▶ WHAT TO PRODUCE:
All of the material must be duplicated exactly, line by line.
(SOURCE RECORDS)
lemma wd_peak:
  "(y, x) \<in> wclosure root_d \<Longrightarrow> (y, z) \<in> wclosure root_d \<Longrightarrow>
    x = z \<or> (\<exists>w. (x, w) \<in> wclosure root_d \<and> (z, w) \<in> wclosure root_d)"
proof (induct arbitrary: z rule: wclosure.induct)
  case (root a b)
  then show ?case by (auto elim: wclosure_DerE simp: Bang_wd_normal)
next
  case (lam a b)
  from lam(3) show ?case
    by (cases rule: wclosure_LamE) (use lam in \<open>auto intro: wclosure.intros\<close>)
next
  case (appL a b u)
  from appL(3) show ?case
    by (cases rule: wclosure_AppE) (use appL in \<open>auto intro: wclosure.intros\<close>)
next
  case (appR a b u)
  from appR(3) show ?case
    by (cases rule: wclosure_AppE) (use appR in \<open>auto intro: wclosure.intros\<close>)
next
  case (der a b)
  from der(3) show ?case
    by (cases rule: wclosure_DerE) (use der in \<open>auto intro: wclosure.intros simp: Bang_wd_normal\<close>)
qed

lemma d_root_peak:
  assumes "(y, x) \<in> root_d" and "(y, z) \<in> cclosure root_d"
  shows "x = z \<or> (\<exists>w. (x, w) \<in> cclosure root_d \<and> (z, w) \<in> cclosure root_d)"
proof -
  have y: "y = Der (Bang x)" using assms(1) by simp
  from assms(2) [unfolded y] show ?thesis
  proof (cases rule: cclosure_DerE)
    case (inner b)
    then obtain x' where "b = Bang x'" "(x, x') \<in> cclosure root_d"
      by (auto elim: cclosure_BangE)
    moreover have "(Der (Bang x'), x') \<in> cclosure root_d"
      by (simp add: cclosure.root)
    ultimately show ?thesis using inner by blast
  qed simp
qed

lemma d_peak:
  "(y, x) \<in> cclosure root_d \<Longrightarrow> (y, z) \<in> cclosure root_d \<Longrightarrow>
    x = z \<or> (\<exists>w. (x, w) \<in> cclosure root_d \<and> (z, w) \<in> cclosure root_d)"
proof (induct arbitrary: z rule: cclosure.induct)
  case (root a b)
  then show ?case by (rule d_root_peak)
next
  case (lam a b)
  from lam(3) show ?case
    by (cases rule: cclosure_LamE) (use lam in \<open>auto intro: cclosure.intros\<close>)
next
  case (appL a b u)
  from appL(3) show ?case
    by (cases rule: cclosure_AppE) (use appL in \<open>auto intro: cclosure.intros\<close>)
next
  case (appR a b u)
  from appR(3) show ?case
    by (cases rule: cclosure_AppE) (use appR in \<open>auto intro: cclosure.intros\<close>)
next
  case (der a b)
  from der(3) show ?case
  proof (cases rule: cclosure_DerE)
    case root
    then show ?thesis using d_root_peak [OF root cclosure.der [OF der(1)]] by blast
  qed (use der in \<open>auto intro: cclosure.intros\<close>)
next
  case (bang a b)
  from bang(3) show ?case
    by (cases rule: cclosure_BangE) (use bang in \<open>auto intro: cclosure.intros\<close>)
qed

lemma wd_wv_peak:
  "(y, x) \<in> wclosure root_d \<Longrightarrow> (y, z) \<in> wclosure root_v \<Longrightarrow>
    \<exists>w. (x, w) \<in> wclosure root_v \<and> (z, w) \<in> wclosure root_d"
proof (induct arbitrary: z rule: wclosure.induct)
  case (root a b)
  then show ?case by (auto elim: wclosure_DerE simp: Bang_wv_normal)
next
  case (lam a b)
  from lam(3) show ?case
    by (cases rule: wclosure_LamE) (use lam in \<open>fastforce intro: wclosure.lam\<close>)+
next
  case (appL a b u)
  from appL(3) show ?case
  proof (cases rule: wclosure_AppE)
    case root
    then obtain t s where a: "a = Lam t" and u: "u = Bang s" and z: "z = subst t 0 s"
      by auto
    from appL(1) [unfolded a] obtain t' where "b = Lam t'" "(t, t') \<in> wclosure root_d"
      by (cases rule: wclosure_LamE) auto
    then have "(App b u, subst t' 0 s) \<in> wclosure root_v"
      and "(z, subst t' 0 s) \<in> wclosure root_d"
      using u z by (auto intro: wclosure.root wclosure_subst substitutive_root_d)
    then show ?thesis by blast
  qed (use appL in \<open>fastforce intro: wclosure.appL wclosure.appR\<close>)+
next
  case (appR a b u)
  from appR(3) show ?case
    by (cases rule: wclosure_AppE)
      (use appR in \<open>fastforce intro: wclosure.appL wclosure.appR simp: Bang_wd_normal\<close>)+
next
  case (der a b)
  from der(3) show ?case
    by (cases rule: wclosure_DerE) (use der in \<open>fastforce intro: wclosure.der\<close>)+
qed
(End SOURCE RECORDS)
▶ TASK SOLUTION:
lemma wd_peak:
  "(y, x) \<in> wclosure root_d \<Longrightarrow> (y, z) \<in> wclosure root_d \<Longrightarrow>
    x = z \<or> (\<exists>w. (x, w) \<in> wclosure root_d \<and> (z, w) \<in> wclosure root_d)"
proof (induct arbitrary: z rule: wclosure.induct)
  case (root a b)
  then show ?case by (auto elim: wclosure_DerE simp: Bang_wd_normal)
next
  case (lam a b)
  from lam(3) show ?case
    by (cases rule: wclosure_LamE) (use lam in \<open>auto intro: wclosure.intros\<close>)
next
  case (appL a b u)
  from appL(3) show ?case
    by (cases rule: wclosure_AppE) (use appL in \<open>auto intro: wclosure.intros\<close>)
next
  case (appR a b u)
  from appR(3) show ?case
    by (cases rule: wclosure_AppE) (use appR in \<open>auto intro: wclosure.intros\<close>)
next
  case (der a b)
  from der(3) show ?case
    by (cases rule: wclosure_DerE) (use der in \<open>auto intro: wclosure.intros simp: Bang_wd_normal\<close>)
qed

lemma d_root_peak:
  assumes "(y, x) \<in> root_d" and "(y, z) \<in> cclosure root_d"
  shows "x = z \<or> (\<exists>w. (x, w) \<in> cclosure root_d \<and> (z, w) \<in> cclosure root_d)"
proof -
  have y: "y = Der (Bang x)" using assms(1) by simp
  from assms(2) [unfolded y] show ?thesis
  proof (cases rule: cclosure_DerE)
    case (inner b)
    then obtain x' where "b = Bang x'" "(x, x') \<in> cclosure root_d"
      by (auto elim: cclosure_BangE)
    moreover have "(Der (Bang x'), x') \<in> cclosure root_d"
      by (simp add: cclosure.root)
    ultimately show ?thesis using inner by blast
  qed simp
qed

lemma d_peak:
  "(y, x) \<in> cclosure root_d \<Longrightarrow> (y, z) \<in> cclosure root_d \<Longrightarrow>
    x = z \<or> (\<exists>w. (x, w) \<in> cclosure root_d \<and> (z, w) \<in> cclosure root_d)"
proof (induct arbitrary: z rule: cclosure.induct)
  case (root a b)
  then show ?case by (rule d_root_peak)
next
  case (lam a b)
  from lam(3) show ?case
    by (cases rule: cclosure_LamE) (use lam in \<open>auto intro: cclosure.intros\<close>)
next
  case (appL a b u)
  from appL(3) show ?case
    by (cases rule: cclosure_AppE) (use appL in \<open>auto intro: cclosure.intros\<close>)
next
  case (appR a b u)
  from appR(3) show ?case
    by (cases rule: cclosure_AppE) (use appR in \<open>auto intro: cclosure.intros\<close>)
next
  case (der a b)
  from der(3) show ?case
  proof (cases rule: cclosure_DerE)
    case root
    then show ?thesis using d_root_peak [OF root cclosure.der [OF der(1)]] by blast
  qed (use der in \<open>auto intro: cclosure.intros\<close>)
next
  case (bang a b)
  from bang(3) show ?case
    by (cases rule: cclosure_BangE) (use bang in \<open>auto intro: cclosure.intros\<close>)
qed

lemma wd_wv_peak:
  "(y, x) \<in> wclosure root_d \<Longrightarrow> (y, z) \<in> wclosure root_v \<Longrightarrow>
    \<exists>w. (x, w) \<in> wclosure root_v \<and> (z, w) \<in> wclosure root_d"
proof (induct arbitrary: z rule: wclosure.induct)
  case (root a b)
  then show ?case by (auto elim: wclosure_DerE simp: Bang_wv_normal)
next
  case (lam a b)
  from lam(3) show ?case
    by (cases rule: wclosure_LamE) (use lam in \<open>fastforce intro: wclosure.lam\<close>)+
next
  case (appL a b u)
  from appL(3) show ?case
  proof (cases rule: wclosure_AppE)
    case root
    then obtain t s where a: "a = Lam t" and u: "u = Bang s" and z: "z = subst t 0 s"
      by auto
    from appL(1) [unfolded a] obtain t' where "b = Lam t'" "(t, t') \<in> wclosure root_d"
      by (cases rule: wclosure_LamE) auto
    then have "(App b u, subst t' 0 s) \<in> wclosure root_v"
      and "(z, subst t' 0 s) \<in> wclosure root_d"
      using u z by (auto intro: wclosure.root wclosure_subst substitutive_root_d)
    then show ?thesis by blast
  qed (use appL in \<open>fastforce intro: wclosure.appL wclosure.appR\<close>)+
next
  case (appR a b u)
  from appR(3) show ?case
    by (cases rule: wclosure_AppE)
      (use appR in \<open>fastforce intro: wclosure.appL wclosure.appR simp: Bang_wd_normal\<close>)+
next
  case (der a b)
  from der(3) show ?case
    by (cases rule: wclosure_DerE) (use der in \<open>fastforce intro: wclosure.der\<close>)+
qed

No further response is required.